■ WORK INSTRUCTION ■
The task calls for each record to be given again exactly.

******

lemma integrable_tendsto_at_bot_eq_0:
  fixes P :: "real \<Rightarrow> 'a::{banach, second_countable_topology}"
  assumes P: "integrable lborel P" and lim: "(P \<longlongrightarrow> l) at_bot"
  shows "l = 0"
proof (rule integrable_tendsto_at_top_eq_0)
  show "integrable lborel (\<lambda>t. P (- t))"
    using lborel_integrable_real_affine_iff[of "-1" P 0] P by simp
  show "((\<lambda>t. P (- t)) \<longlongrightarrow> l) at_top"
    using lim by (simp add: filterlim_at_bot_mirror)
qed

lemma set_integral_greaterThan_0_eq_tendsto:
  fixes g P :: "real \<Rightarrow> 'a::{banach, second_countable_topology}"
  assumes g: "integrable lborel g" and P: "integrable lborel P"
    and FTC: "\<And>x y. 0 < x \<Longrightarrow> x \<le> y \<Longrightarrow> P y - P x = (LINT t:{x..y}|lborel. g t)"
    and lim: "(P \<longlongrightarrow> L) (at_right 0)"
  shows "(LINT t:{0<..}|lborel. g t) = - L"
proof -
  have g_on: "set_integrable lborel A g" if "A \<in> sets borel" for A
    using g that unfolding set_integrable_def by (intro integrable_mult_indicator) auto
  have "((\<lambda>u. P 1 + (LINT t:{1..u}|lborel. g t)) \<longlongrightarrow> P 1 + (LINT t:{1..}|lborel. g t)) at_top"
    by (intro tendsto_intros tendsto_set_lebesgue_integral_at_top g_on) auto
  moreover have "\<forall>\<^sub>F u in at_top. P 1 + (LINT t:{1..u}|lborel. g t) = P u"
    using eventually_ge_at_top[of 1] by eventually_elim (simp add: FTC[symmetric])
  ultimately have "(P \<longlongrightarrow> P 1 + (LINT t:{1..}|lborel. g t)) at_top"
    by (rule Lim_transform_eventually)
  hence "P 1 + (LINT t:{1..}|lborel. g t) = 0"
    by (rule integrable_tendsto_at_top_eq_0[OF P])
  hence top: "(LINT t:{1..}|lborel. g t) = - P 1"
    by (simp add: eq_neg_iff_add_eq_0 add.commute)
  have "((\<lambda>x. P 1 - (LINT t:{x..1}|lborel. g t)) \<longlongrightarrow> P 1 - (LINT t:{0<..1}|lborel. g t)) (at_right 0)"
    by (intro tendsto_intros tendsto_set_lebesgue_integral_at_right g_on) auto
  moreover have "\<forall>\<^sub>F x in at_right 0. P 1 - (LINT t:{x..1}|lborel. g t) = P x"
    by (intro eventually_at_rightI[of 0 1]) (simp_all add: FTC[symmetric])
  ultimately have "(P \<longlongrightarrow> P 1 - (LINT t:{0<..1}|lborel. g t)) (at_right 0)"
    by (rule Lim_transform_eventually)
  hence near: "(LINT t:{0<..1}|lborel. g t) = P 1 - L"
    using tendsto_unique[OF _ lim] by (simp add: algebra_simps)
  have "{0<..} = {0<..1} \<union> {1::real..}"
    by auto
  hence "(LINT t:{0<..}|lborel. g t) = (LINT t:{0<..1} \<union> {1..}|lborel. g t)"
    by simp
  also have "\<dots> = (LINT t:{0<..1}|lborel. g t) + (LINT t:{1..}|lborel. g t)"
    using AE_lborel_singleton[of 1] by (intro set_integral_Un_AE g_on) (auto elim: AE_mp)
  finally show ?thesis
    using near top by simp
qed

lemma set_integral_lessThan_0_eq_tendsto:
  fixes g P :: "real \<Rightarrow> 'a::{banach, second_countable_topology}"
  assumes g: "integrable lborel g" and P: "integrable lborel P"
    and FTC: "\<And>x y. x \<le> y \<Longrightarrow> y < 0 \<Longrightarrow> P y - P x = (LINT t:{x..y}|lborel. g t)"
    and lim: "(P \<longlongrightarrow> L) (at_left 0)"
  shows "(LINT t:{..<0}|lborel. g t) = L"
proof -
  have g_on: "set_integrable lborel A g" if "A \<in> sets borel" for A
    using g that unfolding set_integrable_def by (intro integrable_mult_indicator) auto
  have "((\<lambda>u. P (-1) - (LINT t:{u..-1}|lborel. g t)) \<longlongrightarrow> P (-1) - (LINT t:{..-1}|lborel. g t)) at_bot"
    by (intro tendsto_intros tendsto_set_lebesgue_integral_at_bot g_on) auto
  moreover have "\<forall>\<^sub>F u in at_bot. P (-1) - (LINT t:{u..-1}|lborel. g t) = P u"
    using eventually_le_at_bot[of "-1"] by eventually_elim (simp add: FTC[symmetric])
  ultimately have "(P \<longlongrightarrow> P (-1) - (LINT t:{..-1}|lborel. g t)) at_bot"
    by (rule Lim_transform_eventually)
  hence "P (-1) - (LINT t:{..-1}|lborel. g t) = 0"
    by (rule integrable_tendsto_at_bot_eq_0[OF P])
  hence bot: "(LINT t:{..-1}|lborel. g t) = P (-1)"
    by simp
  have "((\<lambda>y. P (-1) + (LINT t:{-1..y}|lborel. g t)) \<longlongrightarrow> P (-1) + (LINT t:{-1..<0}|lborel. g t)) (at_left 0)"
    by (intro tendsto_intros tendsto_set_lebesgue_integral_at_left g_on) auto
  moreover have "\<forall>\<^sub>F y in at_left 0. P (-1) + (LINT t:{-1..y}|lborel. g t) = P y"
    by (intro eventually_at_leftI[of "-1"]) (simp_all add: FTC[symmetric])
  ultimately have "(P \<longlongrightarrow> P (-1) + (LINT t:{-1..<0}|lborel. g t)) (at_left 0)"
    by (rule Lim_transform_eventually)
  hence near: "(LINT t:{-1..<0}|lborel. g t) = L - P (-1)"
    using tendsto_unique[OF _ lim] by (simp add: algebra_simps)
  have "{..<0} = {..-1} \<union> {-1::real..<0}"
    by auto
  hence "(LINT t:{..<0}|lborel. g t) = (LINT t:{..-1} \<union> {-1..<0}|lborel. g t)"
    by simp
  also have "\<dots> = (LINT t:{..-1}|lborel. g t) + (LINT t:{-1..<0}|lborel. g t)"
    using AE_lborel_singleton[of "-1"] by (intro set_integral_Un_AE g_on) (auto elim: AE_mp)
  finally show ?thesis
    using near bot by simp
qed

******

■ WRITTEN REPLY ■
lemma integrable_tendsto_at_bot_eq_0:
  fixes P :: "real \<Rightarrow> 'a::{banach, second_countable_topology}"
  assumes P: "integrable lborel P" and lim: "(P \<longlongrightarrow> l) at_bot"
  shows "l = 0"
proof (rule integrable_tendsto_at_top_eq_0)
  show "integrable lborel (\<lambda>t. P (- t))"
    using lborel_integrable_real_affine_iff[of "-1" P 0] P by simp
  show "((\<lambda>t. P (- t)) \<longlongrightarrow> l) at_top"
    using lim by (simp add: filterlim_at_bot_mirror)
qed

lemma set_integral_greaterThan_0_eq_tendsto:
  fixes g P :: "real \<Rightarrow> 'a::{banach, second_countable_topology}"
  assumes g: "integrable lborel g" and P: "integrable lborel P"
    and FTC: "\<And>x y. 0 < x \<Longrightarrow> x \<le> y \<Longrightarrow> P y - P x = (LINT t:{x..y}|lborel. g t)"
    and lim: "(P \<longlongrightarrow> L) (at_right 0)"
  shows "(LINT t:{0<..}|lborel. g t) = - L"
proof -
  have g_on: "set_integrable lborel A g" if "A \<in> sets borel" for A
    using g that unfolding set_integrable_def by (intro integrable_mult_indicator) auto
  have "((\<lambda>u. P 1 + (LINT t:{1..u}|lborel. g t)) \<longlongrightarrow> P 1 + (LINT t:{1..}|lborel. g t)) at_top"
    by (intro tendsto_intros tendsto_set_lebesgue_integral_at_top g_on) auto
  moreover have "\<forall>\<^sub>F u in at_top. P 1 + (LINT t:{1..u}|lborel. g t) = P u"
    using eventually_ge_at_top[of 1] by eventually_elim (simp add: FTC[symmetric])
  ultimately have "(P \<longlongrightarrow> P 1 + (LINT t:{1..}|lborel. g t)) at_top"
    by (rule Lim_transform_eventually)
  hence "P 1 + (LINT t:{1..}|lborel. g t) = 0"
    by (rule integrable_tendsto_at_top_eq_0[OF P])
  hence top: "(LINT t:{1..}|lborel. g t) = - P 1"
    by (simp add: eq_neg_iff_add_eq_0 add.commute)
  have "((\<lambda>x. P 1 - (LINT t:{x..1}|lborel. g t)) \<longlongrightarrow> P 1 - (LINT t:{0<..1}|lborel. g t)) (at_right 0)"
    by (intro tendsto_intros tendsto_set_lebesgue_integral_at_right g_on) auto
  moreover have "\<forall>\<^sub>F x in at_right 0. P 1 - (LINT t:{x..1}|lborel. g t) = P x"
    by (intro eventually_at_rightI[of 0 1]) (simp_all add: FTC[symmetric])
  ultimately have "(P \<longlongrightarrow> P 1 - (LINT t:{0<..1}|lborel. g t)) (at_right 0)"
    by (rule Lim_transform_eventually)
  hence near: "(LINT t:{0<..1}|lborel. g t) = P 1 - L"
    using tendsto_unique[OF _ lim] by (simp add: algebra_simps)
  have "{0<..} = {0<..1} \<union> {1::real..}"
    by auto
  hence "(LINT t:{0<..}|lborel. g t) = (LINT t:{0<..1} \<union> {1..}|lborel. g t)"
    by simp
  also have "\<dots> = (LINT t:{0<..1}|lborel. g t) + (LINT t:{1..}|lborel. g t)"
    using AE_lborel_singleton[of 1] by (intro set_integral_Un_AE g_on) (auto elim: AE_mp)
  finally show ?thesis
    using near top by simp
qed

lemma set_integral_lessThan_0_eq_tendsto:
  fixes g P :: "real \<Rightarrow> 'a::{banach, second_countable_topology}"
  assumes g: "integrable lborel g" and P: "integrable lborel P"
    and FTC: "\<And>x y. x \<le> y \<Longrightarrow> y < 0 \<Longrightarrow> P y - P x = (LINT t:{x..y}|lborel. g t)"
    and lim: "(P \<longlongrightarrow> L) (at_left 0)"
  shows "(LINT t:{..<0}|lborel. g t) = L"
proof -
  have g_on: "set_integrable lborel A g" if "A \<in> sets borel" for A
    using g that unfolding set_integrable_def by (intro integrable_mult_indicator) auto
  have "((\<lambda>u. P (-1) - (LINT t:{u..-1}|lborel. g t)) \<longlongrightarrow> P (-1) - (LINT t:{..-1}|lborel. g t)) at_bot"
    by (intro tendsto_intros tendsto_set_lebesgue_integral_at_bot g_on) auto
  moreover have "\<forall>\<^sub>F u in at_bot. P (-1) - (LINT t:{u..-1}|lborel. g t) = P u"
    using eventually_le_at_bot[of "-1"] by eventually_elim (simp add: FTC[symmetric])
  ultimately have "(P \<longlongrightarrow> P (-1) - (LINT t:{..-1}|lborel. g t)) at_bot"
    by (rule Lim_transform_eventually)
  hence "P (-1) - (LINT t:{..-1}|lborel. g t) = 0"
    by (rule integrable_tendsto_at_bot_eq_0[OF P])
  hence bot: "(LINT t:{..-1}|lborel. g t) = P (-1)"
    by simp
  have "((\<lambda>y. P (-1) + (LINT t:{-1..y}|lborel. g t)) \<longlongrightarrow> P (-1) + (LINT t:{-1..<0}|lborel. g t)) (at_left 0)"
    by (intro tendsto_intros tendsto_set_lebesgue_integral_at_left g_on) auto
  moreover have "\<forall>\<^sub>F y in at_left 0. P (-1) + (LINT t:{-1..y}|lborel. g t) = P y"
    by (intro eventually_at_leftI[of "-1"]) (simp_all add: FTC[symmetric])
  ultimately have "(P \<longlongrightarrow> P (-1) + (LINT t:{-1..<0}|lborel. g t)) (at_left 0)"
    by (rule Lim_transform_eventually)
  hence near: "(LINT t:{-1..<0}|lborel. g t) = L - P (-1)"
    using tendsto_unique[OF _ lim] by (simp add: algebra_simps)
  have "{..<0} = {..-1} \<union> {-1::real..<0}"
    by auto
  hence "(LINT t:{..<0}|lborel. g t) = (LINT t:{..-1} \<union> {-1..<0}|lborel. g t)"
    by simp
  also have "\<dots> = (LINT t:{..-1}|lborel. g t) + (LINT t:{-1..<0}|lborel. g t)"
    using AE_lborel_singleton[of "-1"] by (intro set_integral_Un_AE g_on) (auto elim: AE_mp)
  finally show ?thesis
    using near bot by simp
qed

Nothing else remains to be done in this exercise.